Instructions to follow:
Scan the material for "bsub". Copy every line it appears in.

Information shown:
□ □ □ □ □

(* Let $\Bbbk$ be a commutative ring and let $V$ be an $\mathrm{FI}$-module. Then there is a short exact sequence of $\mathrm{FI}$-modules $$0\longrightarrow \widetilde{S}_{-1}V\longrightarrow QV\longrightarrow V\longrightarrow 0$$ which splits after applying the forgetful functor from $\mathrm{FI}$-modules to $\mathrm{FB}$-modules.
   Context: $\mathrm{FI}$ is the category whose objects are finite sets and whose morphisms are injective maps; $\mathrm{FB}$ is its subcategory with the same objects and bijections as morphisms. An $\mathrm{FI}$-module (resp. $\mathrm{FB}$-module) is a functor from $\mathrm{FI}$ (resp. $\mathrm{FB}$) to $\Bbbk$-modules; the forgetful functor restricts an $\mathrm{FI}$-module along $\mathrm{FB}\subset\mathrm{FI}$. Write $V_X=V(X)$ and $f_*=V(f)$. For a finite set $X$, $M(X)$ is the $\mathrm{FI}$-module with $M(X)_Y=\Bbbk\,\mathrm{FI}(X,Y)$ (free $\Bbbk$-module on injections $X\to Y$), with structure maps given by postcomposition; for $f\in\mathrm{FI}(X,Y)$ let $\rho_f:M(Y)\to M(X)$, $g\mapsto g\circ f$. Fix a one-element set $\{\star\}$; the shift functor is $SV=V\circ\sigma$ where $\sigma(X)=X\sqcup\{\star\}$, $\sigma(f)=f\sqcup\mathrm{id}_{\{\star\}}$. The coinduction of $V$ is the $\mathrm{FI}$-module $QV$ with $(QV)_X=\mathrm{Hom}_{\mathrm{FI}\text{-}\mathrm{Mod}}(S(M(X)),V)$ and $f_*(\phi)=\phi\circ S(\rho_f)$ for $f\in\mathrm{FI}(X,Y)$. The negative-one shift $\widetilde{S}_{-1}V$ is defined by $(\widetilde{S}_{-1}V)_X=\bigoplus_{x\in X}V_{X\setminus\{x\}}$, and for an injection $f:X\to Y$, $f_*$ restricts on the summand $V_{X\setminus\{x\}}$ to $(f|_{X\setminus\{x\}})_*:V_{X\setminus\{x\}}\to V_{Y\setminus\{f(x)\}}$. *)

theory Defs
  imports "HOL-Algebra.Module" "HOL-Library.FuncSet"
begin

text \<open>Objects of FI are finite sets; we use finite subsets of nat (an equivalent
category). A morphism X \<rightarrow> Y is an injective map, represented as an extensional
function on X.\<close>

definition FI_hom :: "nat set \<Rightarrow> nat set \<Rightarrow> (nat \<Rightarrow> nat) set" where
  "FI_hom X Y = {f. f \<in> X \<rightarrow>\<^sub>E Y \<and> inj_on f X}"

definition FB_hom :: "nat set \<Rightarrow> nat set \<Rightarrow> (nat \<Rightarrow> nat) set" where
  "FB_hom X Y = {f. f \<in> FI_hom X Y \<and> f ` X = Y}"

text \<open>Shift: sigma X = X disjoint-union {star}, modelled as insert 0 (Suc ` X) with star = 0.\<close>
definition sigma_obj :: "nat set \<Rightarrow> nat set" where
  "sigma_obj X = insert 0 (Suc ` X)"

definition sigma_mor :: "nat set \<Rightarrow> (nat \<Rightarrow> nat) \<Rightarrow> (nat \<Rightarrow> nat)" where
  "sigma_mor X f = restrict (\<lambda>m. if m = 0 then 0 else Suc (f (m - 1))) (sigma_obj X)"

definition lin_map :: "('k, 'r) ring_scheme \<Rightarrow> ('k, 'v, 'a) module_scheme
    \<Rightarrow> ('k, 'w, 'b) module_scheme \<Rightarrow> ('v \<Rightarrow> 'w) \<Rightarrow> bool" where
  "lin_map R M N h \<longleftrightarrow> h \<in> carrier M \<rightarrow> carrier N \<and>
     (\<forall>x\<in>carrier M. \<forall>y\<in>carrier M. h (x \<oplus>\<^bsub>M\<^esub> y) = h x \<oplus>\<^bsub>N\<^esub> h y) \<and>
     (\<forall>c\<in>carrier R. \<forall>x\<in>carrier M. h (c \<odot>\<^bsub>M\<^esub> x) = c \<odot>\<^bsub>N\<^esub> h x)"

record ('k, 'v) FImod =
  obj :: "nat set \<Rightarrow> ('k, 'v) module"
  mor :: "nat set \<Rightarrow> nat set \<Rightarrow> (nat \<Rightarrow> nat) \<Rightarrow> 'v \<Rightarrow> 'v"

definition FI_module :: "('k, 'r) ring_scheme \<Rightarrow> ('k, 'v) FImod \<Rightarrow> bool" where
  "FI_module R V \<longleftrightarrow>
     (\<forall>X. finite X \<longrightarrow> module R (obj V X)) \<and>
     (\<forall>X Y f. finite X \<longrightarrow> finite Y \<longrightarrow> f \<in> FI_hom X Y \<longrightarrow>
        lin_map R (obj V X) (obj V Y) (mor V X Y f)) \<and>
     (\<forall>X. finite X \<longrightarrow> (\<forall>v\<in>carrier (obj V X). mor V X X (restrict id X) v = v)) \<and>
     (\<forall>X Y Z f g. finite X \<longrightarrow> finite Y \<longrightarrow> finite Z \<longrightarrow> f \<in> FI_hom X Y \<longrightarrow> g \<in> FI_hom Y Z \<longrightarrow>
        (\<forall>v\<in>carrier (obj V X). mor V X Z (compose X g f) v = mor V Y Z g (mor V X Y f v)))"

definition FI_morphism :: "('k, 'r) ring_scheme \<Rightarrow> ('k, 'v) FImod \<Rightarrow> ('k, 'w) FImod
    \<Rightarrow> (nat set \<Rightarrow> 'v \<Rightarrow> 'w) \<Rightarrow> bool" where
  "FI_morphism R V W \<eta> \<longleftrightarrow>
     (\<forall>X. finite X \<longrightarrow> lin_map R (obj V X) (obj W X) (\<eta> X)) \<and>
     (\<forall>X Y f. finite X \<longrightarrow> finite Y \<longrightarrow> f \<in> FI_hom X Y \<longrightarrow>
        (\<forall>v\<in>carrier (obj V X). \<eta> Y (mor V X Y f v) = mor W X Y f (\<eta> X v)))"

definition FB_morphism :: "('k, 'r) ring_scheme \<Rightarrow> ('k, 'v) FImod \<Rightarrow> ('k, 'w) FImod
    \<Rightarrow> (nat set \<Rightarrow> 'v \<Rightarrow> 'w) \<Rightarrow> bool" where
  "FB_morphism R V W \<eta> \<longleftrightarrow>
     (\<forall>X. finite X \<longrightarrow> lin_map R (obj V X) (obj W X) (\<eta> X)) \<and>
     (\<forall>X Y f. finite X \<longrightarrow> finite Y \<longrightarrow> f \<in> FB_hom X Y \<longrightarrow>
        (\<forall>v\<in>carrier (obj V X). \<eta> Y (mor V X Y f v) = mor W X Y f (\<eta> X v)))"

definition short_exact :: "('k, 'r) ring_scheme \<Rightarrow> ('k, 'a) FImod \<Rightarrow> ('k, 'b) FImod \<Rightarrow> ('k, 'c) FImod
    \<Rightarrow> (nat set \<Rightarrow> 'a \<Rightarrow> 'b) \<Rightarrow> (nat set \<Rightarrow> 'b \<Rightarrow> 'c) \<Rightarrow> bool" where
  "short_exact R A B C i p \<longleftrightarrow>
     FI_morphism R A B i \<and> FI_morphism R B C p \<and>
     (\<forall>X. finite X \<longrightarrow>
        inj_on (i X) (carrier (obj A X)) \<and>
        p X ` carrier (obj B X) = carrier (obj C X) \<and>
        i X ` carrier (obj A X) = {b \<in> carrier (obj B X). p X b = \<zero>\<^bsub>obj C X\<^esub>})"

□ □ □ □ □

Response to the exercise:
     (\<forall>x\<in>carrier M. \<forall>y\<in>carrier M. h (x \<oplus>\<^bsub>M\<^esub> y) = h x \<oplus>\<^bsub>N\<^esub> h y) \<and>
     (\<forall>c\<in>carrier R. \<forall>x\<in>carrier M. h (c \<odot>\<^bsub>M\<^esub> x) = c \<odot>\<^bsub>N\<^esub> h x)"
        i X ` carrier (obj A X) = {b \<in> carrier (obj B X). p X b = \<zero>\<^bsub>obj C X\<^esub>})"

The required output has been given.